Пауза, шум вдыхаемого тысячами грудных клеток воздуха, и, как шквал на море, вздыбивший огромную, словно цунами, волну:
– Здр-р-р-ай-желай-та-а-а-р-ш-ги-и-ра-а-ал!!!
И покатилось, на пути сметая кварталы, штабы и примыкающий к городу лес. А генерал, добавляя жару:
– Поздравляю вас с шестидесятипятилетней годовщиной Великой Октябрьской Социалистической Революции!
– Ур-р-р-а-а-а!!! Ур-р-р-а-а-а!!! Ур-р-ра-а-а!!!
Троекратно, протяжно, переваливаясь волной от батальона к батальону. Возбуждённые лица. У всех. Когда войско не на войне, а на параде – зрелище великолепное. Это особая, психологически выкованная сила.

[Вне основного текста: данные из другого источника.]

(* Let $\mathcal H$ be a Hilbert space over $\mathbb K\in\{\mathbb R,\mathbb C\}$ and let $\mathbf{x},\mathbf{y}\in\mathcal H$ be norm one vectors. Then there is a (nonzero) continuous symmetric bilinear form $T:\mathcal H\times\mathcal H\to\mathbb K$ that attains its norm at $(\mathbf{x},\mathbf{y})$.
   Context: The norm of a bilinear form is $\|T\|=\sup\{|T(\mathbf{w}_1,\mathbf{w}_2)|:\|\mathbf{w}_1\|,\|\mathbf{w}_2\|\le1\}$, and $T$ attains its norm at $(\mathbf{x},\mathbf{y})$ if $|T(\mathbf{x},\mathbf{y})|=\|T\|$. Bilinear means $\mathbb K$-bilinear. *)

theory Defs
  imports "HOL-Analysis.Analysis"
begin

definition bilin_norm :: "('a::real_normed_vector \<Rightarrow> 'a \<Rightarrow> real) \<Rightarrow> real" where
  "bilin_norm T = Sup {\<bar>T w1 w2\<bar> | w1 w2. norm w1 \<le> 1 \<and> norm w2 \<le> 1}"

definition complex_inner_product_space ::
  "(complex \<Rightarrow> 'v::ab_group_add \<Rightarrow> 'v) \<Rightarrow> ('v \<Rightarrow> 'v \<Rightarrow> complex) \<Rightarrow> bool" where
  "complex_inner_product_space sc ip \<longleftrightarrow>
     vector_space sc \<and>
     (\<forall>x y z. ip (x + y) z = ip x z + ip y z) \<and>
     (\<forall>a x y. ip (sc a x) y = a * ip x y) \<and>
     (\<forall>x y. ip y x = cnj (ip x y)) \<and>
     (\<forall>x. Im (ip x x) = 0 \<and> Re (ip x x) \<ge> 0) \<and>
     (\<forall>x. ip x x = 0 \<longrightarrow> x = 0)"

definition ip_norm :: "('v \<Rightarrow> 'v \<Rightarrow> complex) \<Rightarrow> 'v \<Rightarrow> real" where
  "ip_norm ip x = sqrt (Re (ip x x))"

definition complex_hilbert_space ::
  "(complex \<Rightarrow> 'v::ab_group_add \<Rightarrow> 'v) \<Rightarrow> ('v \<Rightarrow> 'v \<Rightarrow> complex) \<Rightarrow> bool" where
  "complex_hilbert_space sc ip \<longleftrightarrow>
     complex_inner_product_space sc ip \<and>
     (\<forall>X :: nat \<Rightarrow> 'v.
        (\<forall>e>0. \<exists>N. \<forall>m\<ge>N. \<forall>n\<ge>N. ip_norm ip (X m - X n) < e) \<longrightarrow>
        (\<exists>L. (\<lambda>n. ip_norm ip (X n - L)) \<longlonglongrightarrow> 0))"

definition complex_bilinear ::
  "(complex \<Rightarrow> 'v::ab_group_add \<Rightarrow> 'v) \<Rightarrow> ('v \<Rightarrow> 'v \<Rightarrow> complex) \<Rightarrow> bool" where
  "complex_bilinear sc T \<longleftrightarrow>
     (\<forall>y. Vector_Spaces.linear sc ((*) :: complex \<Rightarrow> complex \<Rightarrow> complex) (\<lambda>x. T x y)) \<and>
     (\<forall>x. Vector_Spaces.linear sc ((*) :: complex \<Rightarrow> complex \<Rightarrow> complex) (\<lambda>y. T x y))"

definition ip_continuous2 ::
  "('v::ab_group_add \<Rightarrow> 'v \<Rightarrow> complex) \<Rightarrow> ('v \<Rightarrow> 'v \<Rightarrow> complex) \<Rightarrow> bool" where
  "ip_continuous2 ip T \<longleftrightarrow>
     (\<forall>a b. \<forall>e>0. \<exists>d>0. \<forall>x y. ip_norm ip (x - a) < d \<and> ip_norm ip (y - b) < d \<longrightarrow>
        cmod (T x y - T a b) < e)"

definition ip_bilin_norm ::
  "('v \<Rightarrow> 'v \<Rightarrow> complex) \<Rightarrow> ('v \<Rightarrow> 'v \<Rightarrow> complex) \<Rightarrow> real" where
  "ip_bilin_norm ip T =
     Sup {cmod (T w1 w2) | w1 w2. ip_norm ip w1 \<le> 1 \<and> ip_norm ip w2 \<le> 1}"

end

theory Submission
  imports Defs
begin

text \<open>Put \<open>p = x + y\<close> and \<open>q = x - y\<close>; when \<open>\<langle>x, y\<rangle>\<close> is real these are orthogonal, and the
  form \<open>T(u, v) = \<langle>u, p\<rangle>\<langle>v, p\<rangle>/\<langle>p, p\<rangle> - \<langle>u, q\<rangle>\<langle>v, q\<rangle>/\<langle>q, q\<rangle>\<close> is symmetric and bilinear, since the
  inner product is only ever taken linearly in \<open>u\<close> and \<open>v\<close>. Bessel's inequality for the pair
  \<open>p, q\<close> bounds the coordinate vectors \<open>(\<langle>u, p\<rangle>/|p|, \<langle>u, q\<rangle>/|q|)\<close> by \<open>|u|\<close>, so the
  Cauchy-Schwarz inequality in the plane gives \<open>|T(u, v)| \<le> |u| |v|\<close>, while \<open>T(x, y) = 1\<close>.
  In the complex case \<open>x\<close> is first multiplied by a unimodular scalar making \<open>\<langle>x, y\<rangle>\<close> real,
  which changes \<open>T(x, y)\<close> only by that scalar.\<close>

lemma abs_mult_add_abs_mult_le:
  fixes a b c d m n :: real
  assumes "a\<^sup>2 + b\<^sup>2 \<le> m\<^sup>2" "c\<^sup>2 + d\<^sup>2 \<le> n\<^sup>2" "0 \<le> m" "0 \<le> n"
  shows "\<bar>a * c\<bar> + \<bar>b * d\<bar> \<le> m * n"
proof -
  have "(\<bar>a * c\<bar> + \<bar>b * d\<bar>)\<^sup>2 = (a\<^sup>2 + b\<^sup>2) * (c\<^sup>2 + d\<^sup>2) - (\<bar>a\<bar> * \<bar>d\<bar> - \<bar>b\<bar> * \<bar>c\<bar>)\<^sup>2"
    by (simp add: abs_mult power2_eq_square algebra_simps)
  also have "\<dots> \<le> (a\<^sup>2 + b\<^sup>2) * (c\<^sup>2 + d\<^sup>2)"
    by simp
  also have "\<dots> \<le> m\<^sup>2 * n\<^sup>2"
    using assms by (intro mult_mono) auto
  also have "\<dots> = (m * n)\<^sup>2"
    by (simp add: power_mult_distrib)
  finally show ?thesis
    using assms by (meson abs_ge_zero add_nonneg_nonneg mult_nonneg_nonneg power2_le_imp_le)
qed

lemma sum_diff_quotients_eq_1:
  fixes c :: "'a::field_char_0"
  shows "(1 + c) * (1 + c) / (2 + 2 * c) - (1 - c) * (c - 1) / (2 - 2 * c) = 1"
proof -
  have "2 + 2 * c = (1 + c) * 2" "2 - 2 * c = (1 - c) * 2"
    by (simp_all add: algebra_simps)
  moreover have "(1 + c) * (1 + c) / ((1 + c) * 2) = (1 + c) / 2"
    by (cases "1 + c = 0") (simp, rule nonzero_mult_divide_mult_cancel_left)
  moreover have "(1 - c) * (c - 1) / ((1 - c) * 2) = (c - 1) / 2"
    by (cases "1 - c = 0") (simp, rule nonzero_mult_divide_mult_cancel_left)
  moreover have "(1 + c) / 2 - (c - 1) / 2 = (1 :: 'a)"
    by (simp add: field_simps)
  ultimately show ?thesis
    by (simp only:)
qed

lemma cmod_mult_divide_of_real_power2:
  "cmod (x * y / complex_of_real (s\<^sup>2)) = \<bar>(cmod x / s) * (cmod y / s)\<bar>"
  by (simp add: norm_mult norm_divide abs_mult power2_eq_square)

lemma Sup_unit_ball_values_eq_1:
  fixes g :: "'a \<Rightarrow> 'a \<Rightarrow> real" and N :: "'a \<Rightarrow> real"
  assumes bound: "\<And>u v. g u v \<le> N u * N v" and "\<And>u. 0 \<le> N u"
    and "N a = 1" "N b = 1" "g a b = 1"
  shows "Sup {g w1 w2 | w1 w2. N w1 \<le> 1 \<and> N w2 \<le> 1} = 1"
proof (rule cSup_eq_maximum)
  show "1 \<in> {g w1 w2 | w1 w2. N w1 \<le> 1 \<and> N w2 \<le> 1}"
    using assms(3-5) by force
next
  fix r
  assume "r \<in> {g w1 w2 | w1 w2. N w1 \<le> 1 \<and> N w2 \<le> 1}"
  then obtain w1 w2 where "r = g w1 w2" "N w1 \<le> 1" "N w2 \<le> 1"
    by blast
  with bound[of w1 w2] show "r \<le> 1"
    using assms(2) mult_le_one order_trans by blast
qed

lemma bessel_inequality_orthogonal_pair:
  fixes u p q :: "'a::real_inner"
  assumes "inner p q = 0"
  shows "(inner u p)\<^sup>2 / (norm p)\<^sup>2 + (inner u q)\<^sup>2 / (norm q)\<^sup>2 \<le> (norm u)\<^sup>2"
proof -
  define a where "a = inner u p / inner p p"
  define b where "b = inner u q / inner q q"
  have "0 \<le> inner (u - a *\<^sub>R p - b *\<^sub>R q) (u - a *\<^sub>R p - b *\<^sub>R q)"
    by simp
  also have "\<dots> = inner u u + (a\<^sup>2 * inner p p - 2 * a * inner u p) + (b\<^sup>2 * inner q q - 2 * b * inner u q)"
    using assms by (simp add: inner_diff_left inner_diff_right inner_commute algebra_simps power2_eq_square)
  also have "a\<^sup>2 * inner p p - 2 * a * inner u p = - (inner u p)\<^sup>2 / inner p p"
    by (cases "p = 0") (auto simp: a_def field_simps power2_eq_square)
  also have "b\<^sup>2 * inner q q - 2 * b * inner u q = - (inner u q)\<^sup>2 / inner q q"
    by (cases "q = 0") (auto simp: b_def field_simps power2_eq_square)
  finally show ?thesis
    by (simp add: power2_norm_eq_inner)
qed

text \<open>When \<open>p = 0\<close> or \<open>q = 0\<close> the corresponding term vanishes, because division by zero yields zero;
  this covers \<open>y = \<plusminus>x\<close>.\<close>
definition rank_two_form :: "'a::real_inner \<Rightarrow> 'a \<Rightarrow> 'a \<Rightarrow> 'a \<Rightarrow> real" where
  "rank_two_form p q u v = inner u p * inner v p / (norm p)\<^sup>2 - inner u q * inner v q / (norm q)\<^sup>2"

lemma bilinear_rank_two_form: "bilinear (rank_two_form p q)"
  unfolding bilinear_def rank_two_form_def
  by (intro allI conjI linearI)
    (simp_all add: inner_add_left diff_divide_distrib add_divide_distrib algebra_simps)

lemma rank_two_form_commute: "rank_two_form p q u v = rank_two_form p q v u"
  by (simp add: rank_two_form_def mult.commute)

lemma continuous_on_rank_two_form: "continuous_on UNIV (\<lambda>(u, v). rank_two_form p q u v)"
  unfolding rank_two_form_def case_prod_unfold divide_inverse by (intro continuous_intros)

lemma abs_rank_two_form_le:
  assumes "inner p q = 0"
  shows "\<bar>rank_two_form p q u v\<bar> \<le> norm u * norm v"
proof -
  have "rank_two_form p q u v =
      (inner u p / norm p) * (inner v p / norm p) - (inner u q / norm q) * (inner v q / norm q)"
    by (simp add: rank_two_form_def power2_eq_square)
  moreover have "\<bar>(inner u p / norm p) * (inner v p / norm p)\<bar> + \<bar>(inner u q / norm q) * (inner v q / norm q)\<bar>
      \<le> norm u * norm v"
    using bessel_inequality_orthogonal_pair[OF assms, of u] bessel_inequality_orthogonal_pair[OF assms, of v]
    by (intro abs_mult_add_abs_mult_le) (simp_all add: power_divide)
  ultimately show ?thesis
    by linarith
qed

lemma rank_two_form_sum_diff_eq_1:
  fixes x y :: "'a::real_inner"
  assumes "norm x = 1" "norm y = 1"
  shows "inner (x + y) (x - y) = 0" and "rank_two_form (x + y) (x - y) x y = 1"
proof -
  have xy: "inner x x = 1" "inner y y = 1"
    using assms by (simp_all add: dot_square_norm)
  then show "inner (x + y) (x - y) = 0"
    by (simp add: inner_add_left inner_add_right inner_diff_left inner_diff_right inner_commute)
  show "rank_two_form (x + y) (x - y) x y = 1"
    using xy sum_diff_quotients_eq_1[of "inner x y"]
    by (simp add: rank_two_form_def power2_norm_eq_inner inner_add_left inner_add_right
        inner_diff_left inner_diff_right inner_commute algebra_simps)
qed

lemma real_form_attaining_norm:
  fixes x y :: "'a::real_inner"
  assumes "norm x = 1" "norm y = 1"
  shows "\<exists>T :: 'a \<Rightarrow> 'a \<Rightarrow> real.
           bilinear T \<and> (\<forall>u v. T u v = T v u) \<and> continuous_on UNIV (\<lambda>(u, v). T u v) \<and>
           T \<noteq> (\<lambda>_ _. 0) \<and> \<bar>T x y\<bar> = bilin_norm T"
proof (intro exI conjI allI)
  let ?T = "rank_two_form (x + y) (x - y)"
  show "bilinear ?T" "?T u v = ?T v u" "continuous_on UNIV (\<lambda>(u, v). ?T u v)" for u v
    by (simp_all add: bilinear_rank_two_form rank_two_form_commute[of _ _ u] continuous_on_rank_two_form)
  have Txy: "?T x y = 1"
    using rank_two_form_sum_diff_eq_1[OF assms] by blast
  then show "?T \<noteq> (\<lambda>_ _. 0)"
    by force
  have "bilin_norm ?T = 1"
    unfolding bilin_norm_def
    using abs_rank_two_form_le rank_two_form_sum_diff_eq_1[OF assms] assms
    by (intro Sup_unit_ball_values_eq_1[where a = x and b = y]) auto
  with Txy show "\<bar>?T x y\<bar> = bilin_norm ?T"
    by simp
qed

Какой эмоциональный заряд. Блеск и восторг. Военный дирижёр выбежал на середину и взмахнул тамбурмажором. Оркестранты вскинули трубы на изготовку. Как перед стрельбой. Быстро возвратилась тишина. Дирижёр дёрнулся всем телом и рухнул жезлом сверху вниз. Громыхнуло, будто залп тысячи стволов.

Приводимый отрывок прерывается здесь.